Nearly two years after purchasing a couple of properties in Salmon Creek, Clark County Fire District 6 is getting ready to break ground on a new, larger station.
Fire officials held a ceremony Thursday morning to kick off construction of the new station, which will be located at 1119 N.E. 136th St. Construction will begin sometime after Labor Day and is expected to finish in December 2019.
The site is just feet away from the existing Station 63 at 1200 N.E. 134th St. Station 63, which was built in the 1970s, is about 6,000 square feet. In comparison, the new two-story station will be more than 17,000 square feet and will be able to withstand a 9.0 earthquake.
At the start of the ceremony, fire officials spoke about the new station’s facilities, as well as its importance to the community.
“Our needs have changed, and our deployment is only getting more and more demanding so we need to meet those demands going into the future,” Fire Commissioner Casey Collins said. “We need to train, educate and keep up on all of our equipment to provide the best service available to our citizens that’s expected, and that’s why they continue to support us.”
Population growth in the communities that Station 63 serves — Salmon Creek, Mount Vista and the Clark County Fairgrounds — is a driving factor behind the upgrade.
The current Station 63 is the busiest and oldest of the fire district’s three stations; the district also shares a station at the Public Safety Complex. From 2006 to 2016, calls for service to Station 63 increased by 35 percent. In comparison, calls for service across the fire district increased by 31 percent.

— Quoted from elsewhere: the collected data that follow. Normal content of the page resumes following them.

lemma A_alpha_path_bound_eigenvalue:
  assumes n: "3 \<le> n" and \<alpha>: "\<alpha> \<in> {0, 1/2, 1}"
  shows "eigenvalue (A_alpha \<alpha> n) (A_alpha_path_bound \<alpha> n)"
  unfolding eigenvalue_A_alpha_iff
proof -
  consider "\<alpha> = 0" | "\<alpha> = 1/2" | "\<alpha> = 1" using \<alpha> by auto
  then show "\<exists>f. A_alpha_eigenfun \<alpha> n (A_alpha_path_bound \<alpha> n) f"
  proof cases
    case 1
    have "A_alpha_eigenfun 0 n (A_alpha_path_bound 0 n) (path_adj_perron n)"
      unfolding A_alpha_eigenfun_def A_alpha_path_bound_def
      using n path_adj_perron_pos[of 0 n] path_nbr_sum_adj_perron[of _ n] by (auto intro!: exI[of _ 0])
    then show ?thesis unfolding 1 by blast
  next
    case 2
    have "A_alpha_eigenfun (1/2) n (A_alpha_path_bound (1/2) n) (path_signless_perron n)"
      unfolding A_alpha_eigenfun_def A_alpha_path_bound_def
      using n path_signless_perron_pos[of 0 n] path_nbr_sum_signless_perron[of _ n]
      by (auto simp: field_simps intro!: exI[of _ 0])
    then show ?thesis unfolding 2 by blast
  next
    case 3
    have "A_alpha_eigenfun 1 n (A_alpha_path_bound 1 n) (\<lambda>i. if i = 1 then 1 else 0)"
      unfolding A_alpha_eigenfun_def A_alpha_path_bound_def
      using n by (auto simp: path_degree_eq)
    then show ?thesis unfolding 3 by blast
  qed
qed
lemma card_bound_of_subset_sums_mod:
  fixes x :: "'v \<Rightarrow> int" and p :: int
  assumes "finite A" "0 < p" "\<forall>g. \<exists>S\<subseteq>A. [sum x S = g] (mod p)"
  shows "p \<le> 2 ^ card A"
proof -
  have "{0..<p} \<subseteq> (\<lambda>S. sum x S mod p) ` Pow A"
  proof
    fix g assume "g \<in> {0..<p}"
    moreover obtain S where "S \<subseteq> A" "[sum x S = g] (mod p)"
      using assms(3) by blast
    ultimately show "g \<in> (\<lambda>S. sum x S mod p) ` Pow A"
      unfolding cong_def by force
  qed
  then have "card {0..<p} \<le> card (Pow A)"
    using assms(1) by (meson card_image_le card_mono finite_Pow_iff finite_imageI le_trans)
  then show ?thesis
    using assms(1,2) by (simp add: card_Pow)
qed

lemma balanced_mod_successors:
  fixes p :: int and B :: "int set"
  assumes "balanced_mod p B" "B \<subseteq> {0..<p}"
  shows "\<exists>c1 c2. \<forall>b\<in>B. c1 b \<in> B \<and> c2 b \<in> B \<and> c1 b \<noteq> b \<and> [c1 b + c2 b = 2 * b] (mod p)"
proof -
  have summands: "\<forall>b\<in>B. \<exists>b1. b1 \<in> B \<and> b1 \<noteq> b \<and> (\<exists>b2. b2 \<in> B \<and> [b1 + b2 = 2 * b] (mod p))"
  proof
    fix b assume b: "b \<in> B"
    obtain b1 b2 where b12: "b1 \<in> B" "b2 \<in> B" "b1 \<noteq> b2" "[b1 + b2 = 2 * b] (mod p)"
      using assms(1) b unfolding balanced_mod_def cong_def by metis
    have "b1 \<noteq> b"
    proof
      assume "b1 = b"
      then have "[b2 = b] (mod p)"
        using b12(4) by (simp add: cong_iff_dvd_diff algebra_simps)
      moreover have "b \<in> {0..<p}" "b2 \<in> {0..<p}"
        using b b12(2) assms(2) by auto
      ultimately have "b2 = b"
        by (auto intro: cong_less_imp_eq_int)
      with \<open>b1 = b\<close> b12(3) show False
        by simp
    qed
    with b12 show "\<exists>b1. b1 \<in> B \<and> b1 \<noteq> b \<and> (\<exists>b2. b2 \<in> B \<and> [b1 + b2 = 2 * b] (mod p))"
      by auto
  qed
  obtain c1 where c1: "\<forall>b\<in>B. c1 b \<in> B \<and> c1 b \<noteq> b \<and> (\<exists>b2. b2 \<in> B \<and> [c1 b + b2 = 2 * b] (mod p))"
    using bchoice[OF summands] by auto
  then obtain c2 where "\<forall>b\<in>B. c2 b \<in> B \<and> [c1 b + c2 b = 2 * b] (mod p)"
    using bchoice[of B "\<lambda>b b2. b2 \<in> B \<and> [c1 b + b2 = 2 * b] (mod p)"] by auto
  with c1 show ?thesis
    by (intro exI[of _ c1] exI[of _ c2]) auto
qed
(* The universal $\mathfrak{gl}$-weight system $w_{\mathfrak{gl}}$ satisfies the generalized Vassiliev relations: its $\mathbb{C}$-linear extension to $\bigoplus_m\mathbb{C}[\mathbb{S}_m]$ vanishes on every one-hyper-arc element and every two-hyper-arc element. Equivalently, for every $N\ge1$, the linear extension of $w_{\mathfrak{gl}(N)}$ vanishes on all generalized Vassiliev elements.
   Context: For $N\ge1$, $E_{ij}$ ($1\le i,j\le N$) are the matrix units generating $\mathfrak{gl}(N)$, and for $\alpha\in\mathbb{S}_m$, $w_{\mathfrak{gl}(N)}(\alpha)=\sum_{i_1,\dots,i_m=1}^N E_{i_1i_{\alpha(1)}}E_{i_2i_{\alpha(2)}}\cdots E_{i_mi_{\alpha(m)}}\in ZU(\mathfrak{gl}(N))$ (it is central). Put $C_k^{(N)}=w_{\mathfrak{gl}(N)}((1,2,\dots,k))$. The universal $\mathfrak{gl}$-weight system is the (known to exist, and unique) function $w_{\mathfrak{gl}}:\bigsqcup_{m\ge0}\mathbb{S}_m\to\mathbb{C}[N,C_1,C_2,\dots]$ such that for every $N\ge1$ the specialization $N\mapsto N$, $C_k\mapsto C_k^{(N)}$ sends $w_{\mathfrak{gl}}(\alpha)$ to $w_{\mathfrak{gl}(N)}(\alpha)$; in particular $w_{\mathfrak{gl}}((1,\dots,m))=C_m$. Generalized Vassiliev elements: let $m\ge2$, $\gamma\in\mathbb{S}_{m-1}$, $q\in[m-1]\cup\{*\}$. For $t\in\{0,\dots,m-1\}$ let $\alpha_t\in\mathbb{S}_m$ be obtained by inserting a new point $x$ (free leg) into the line $1<\dots<m-1$ in the gap between $t$ and $t+1$, relabeling all points $1,\dots,m$ in order, letting the permutation act as $\gamma$ on old points except $q\mapsto x\mapsto\gamma(q)$ if $q\ne*$, and $x$ fixed if $q=*$. For a cycle $v$ of $\gamma$, $E(\gamma,q,v)=\sum_{j\in v}(\alpha_{j-1}-\alpha_j)$; one-hyper-arc if $q\ne*$, $q\in v$, two-hyper-arc otherwise. *)

theory Defs
  imports Complex_Main "HOL-Library.FuncSet" "HOL-Combinatorics.Permutations"
begin
lemma lipschitz_gradient_upper_bound:
  fixes f :: "'a::real_inner \<Rightarrow> real"
  assumes df: "\<And>z. (f has_derivative (\<lambda>h. inner (df z) h)) (at z)"
    and lip: "\<And>a b. norm (df a - df b) \<le> L * norm (a - b)"
  shows "f u \<le> f z + inner (df z) (u - z) + L / 2 * (norm (u - z))\<^sup>2"
proof -
  define d where "d = u - z"
  define \<phi> where "\<phi> t = f (z + t *\<^sub>R d) - t * inner (df z) d - L * t\<^sup>2 * (norm d)\<^sup>2 / 2" for t
  have "\<phi> 1 \<le> \<phi> 0"
  proof (rule DERIV_nonpos_imp_nonincreasing[where f=\<phi>])
    fix t :: real assume t: "0 \<le> t" "t \<le> 1"
    have D: "(\<phi> has_real_derivative inner (df (z + t *\<^sub>R d)) d - inner (df z) d - L * t * (norm d)\<^sup>2) (at t)"
      unfolding \<phi>_def[abs_def]
      by (rule has_real_derivative_along_line[OF df] derivative_eq_intros refl | simp)+
    have "inner (df (z + t *\<^sub>R d)) d - inner (df z) d = inner (df (z + t *\<^sub>R d) - df z) d"
      by (simp add: inner_diff_left)
    also have "\<dots> \<le> norm (df (z + t *\<^sub>R d) - df z) * norm d"
      by (rule norm_cauchy_schwarz)
    also have "\<dots> \<le> L * norm (t *\<^sub>R d) * norm d"
      using lip[of "z + t *\<^sub>R d" z] by (simp add: mult_right_mono)
    also have "\<dots> = L * t * (norm d)\<^sup>2"
      using t by (simp add: power2_eq_square)
    finally show "\<exists>y. (\<phi> has_real_derivative y) (at t) \<and> y \<le> 0"
      using D by force
  qed simp
  then show ?thesis
    unfolding \<phi>_def d_def by (simp add: algebra_simps)
qed

lemma convex_on_gradient_lower_bound:
  fixes f :: "'a::real_inner \<Rightarrow> real"
  assumes cv: "convex_on UNIV f"
    and df: "\<And>z. (f has_derivative (\<lambda>h. inner (df z) h)) (at z)"
  shows "f x + inner (df x) (y - x) \<le> f y"
proof -
  define h where "h t = f (x + t *\<^sub>R (y - x))" for t :: real
  have "convex_on UNIV h"
  proof (rule convex_onI)
    fix t a b :: real assume t: "0 < t" "t < 1"
    have "x + ((1 - t) * a + t * b) *\<^sub>R (y - x)
        = (1 - t) *\<^sub>R (x + a *\<^sub>R (y - x)) + t *\<^sub>R (x + b *\<^sub>R (y - x))"
      by (simp add: algebra_simps)
    then show "h ((1 - t) *\<^sub>R a + t *\<^sub>R b) \<le> (1 - t) * h a + t * h b"
      unfolding h_def using convex_onD[OF cv, of t "x + a *\<^sub>R (y - x)" "x + b *\<^sub>R (y - x)"] t
      by simp
  qed simp
  moreover have "(h has_real_derivative inner (df x) (y - x)) (at 0 within UNIV)"
    unfolding h_def[abs_def] using has_real_derivative_along_line[OF df, of x "y - x" 0 UNIV] by simp
  ultimately have "inner (df x) (y - x) * (1 - 0) \<le> h 1 - h 0"
    by (intro convex_on_imp_above_tangent) auto
  then show ?thesis
    unfolding h_def by simp
qed

lemma le_of_le_plus_small:
  fixes a b K :: real
  assumes "K \<ge> 0" and "\<And>t. 0 < t \<Longrightarrow> t < 1 \<Longrightarrow> a \<le> b + t * K"
  shows "a \<le> b"
proof -
  have "((\<lambda>t. b + t * K) \<longlongrightarrow> b + 0 * K) (at_right 0)"
    by (intro tendsto_intros)
  moreover have "eventually (\<lambda>t. a \<le> b + t * K) (at_right (0::real))"
    using eventually_at_right_real[of 0 1] by (auto elim: eventually_mono intro: assms(2))
  ultimately show ?thesis
    by (auto intro: tendsto_lowerbound)
qed

lemma quadratic_lower_bound:
  fixes \<tau> n s :: real
  assumes "\<tau> > 0"
  shows "- (\<tau> * n\<^sup>2 / 2) \<le> - (n * s) + s\<^sup>2 / (2 * \<tau>)"
proof -
  have "0 \<le> (s - \<tau> * n)\<^sup>2" by simp
  then show ?thesis
    using assms by (simp add: field_simps power2_eq_square)
qed

lemma Cauchy_of_dist_squared_bound:
  fixes x :: "nat \<Rightarrow> 'a::metric_space"
  assumes bound: "\<And>m n. (dist (x m) (x n))\<^sup>2 \<le> e m + e n" and e: "e \<longlonglongrightarrow> 0"
  shows "Cauchy x"
proof (rule metric_CauchyI)
  fix \<epsilon> :: real assume "\<epsilon> > 0"
  then have "eventually (\<lambda>n. e n < \<epsilon>\<^sup>2 / 2) sequentially"
    using e by (intro order_tendstoD) auto
  then obtain N where N: "\<And>n. n \<ge> N \<Longrightarrow> e n < \<epsilon>\<^sup>2 / 2"
    by (auto simp: eventually_sequentially)
  have "dist (x m) (x n) < \<epsilon>" if "m \<ge> N" "n \<ge> N" for m n
  proof -
    have "(dist (x m) (x n))\<^sup>2 < \<epsilon>\<^sup>2"
      using bound[of m n] N[OF that(1)] N[OF that(2)] by linarith
    then show ?thesis
      using \<open>\<epsilon> > 0\<close> by (simp add: power_less_imp_less_base)
  qed
  then show "\<exists>N. \<forall>m\<ge>N. \<forall>n\<ge>N. dist (x m) (x n) < \<epsilon>"
    by blast
qed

“I’d anticipate we’re going to have some pretty significant growth for years,” Fire Chief Jerry Green said at Thursday’s ceremony.
Whereas the current Station 63 can only house one emergency response crew, the new station will be able to house two crews and is expected to support the fire district’s growth for the next 50 years.
“That’s always a best guesstimate — it’s hard to know exactly what we’re doing,” Assistant Chief Kristan Maurer said. “But we look at the trending of the community and that’s how we anticipate the growth.”
Maurer said that the new station will have a training facility — the first in the fire district — with two training captains and a classroom. It will also have a tower, an unfurnished steel building in which fire personnel can undergo live fire training.
“(The tower) is designed to have specific rooms where the firefighters can burn in and extinguish a real fire,” Maurer explained. “Right now, in order to do that, we either have to acquire structures, or we have to send them to outside training. This will allow us to do it all in-house.”